DIRECTIONS:
Considering only lines that hold the word "IFFT", report how many there are in the listing below, as a single number.

AVAILABLE DATA:

(* Let $0\le\mu\le m$, $\epsilon=2^\mu$, let $\mathbf{r}'=(r'_0,\dots,r'_{2^m-1})\in GF(2^m)^{2^m}$ and let $$\mathbf{S}_1(x)=\sum_{j=0}^{2^m-1} r'_j\frac{s_\mu(x)-s_\mu(\omega_j)}{x-\omega_j}.$$ For $0\le l<2^{m-\mu}$ let $\mathbf{r}'_{l,\epsilon}=(r'_{l\epsilon},r'_{l\epsilon+1},\dots,r'_{l\epsilon+\epsilon-1})$. Then $\mathbf{S}_1(x)=\sum_{j=0}^{\epsilon-1}\sigma_j\bar X_j(x)$, where $$(\sigma_0,\dots,\sigma_{\epsilon-1})=\frac{1}{p_{2^m-2^\mu}}\sum_{l=0}^{2^{m-\mu}-1}\mathrm{IFFT}_{\bar{\mathbb X}}\big(\mathbf{r}'_{l,\epsilon},\mu,\omega_{\epsilon l}\big).$$
   Context: Fix a basis $\{v_0,\dots,v_{m-1}\}$ of $GF(2^m)$ over $GF(2)$. For $0\le j<2^m$ with binary expansion $j=\sum_{i=0}^{m-1} j_i2^i$, set $\omega_j=\sum_{i=0}^{m-1} j_i v_i$. For $0\le\tau\le m$, $s_\tau(x)=\prod_{j=0}^{2^\tau-1}(x-\omega_j)$. Define $X_j(x)=\prod_{i=0}^{m-1}s_i(x)^{j_i}$, $p_j=\prod_{i=0}^{m-1}s_i(v_i)^{j_i}$ and $\bar X_j(x)=X_j(x)/p_j$; $\bar{\mathbb X}=\{\bar X_0,\dots,\bar X_{2^m-1}\}$ is a basis of polynomials of degree $<2^m$. For $0\le\tau\le m$, $\beta\in GF(2^m)$ and $\mathbf{F}=(F_0,\dots,F_{2^\tau-1})\in GF(2^m)^{2^\tau}$, $\mathrm{IFFT}_{\bar{\mathbb X}}(\mathbf{F},\tau,\beta)$ denotes the coefficient vector $(\bar g_0,\dots,\bar g_{2^\tau-1})$ of the unique polynomial $g(x)=\sum_{j=0}^{2^\tau-1}\bar g_j\bar X_j(x)$ of degree $<2^\tau$ satisfying $g(\omega_j+\beta)=F_j$ for $0\le j<2^\tau$. Fractions $\frac{s_\mu(x)-s_\mu(a)}{x-a}$ denote exact polynomial quotients. *)

theory Defs
  imports "HOL-Computational_Algebra.Polynomial"
begin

RESPONSE TO THIS EXERCISE:
2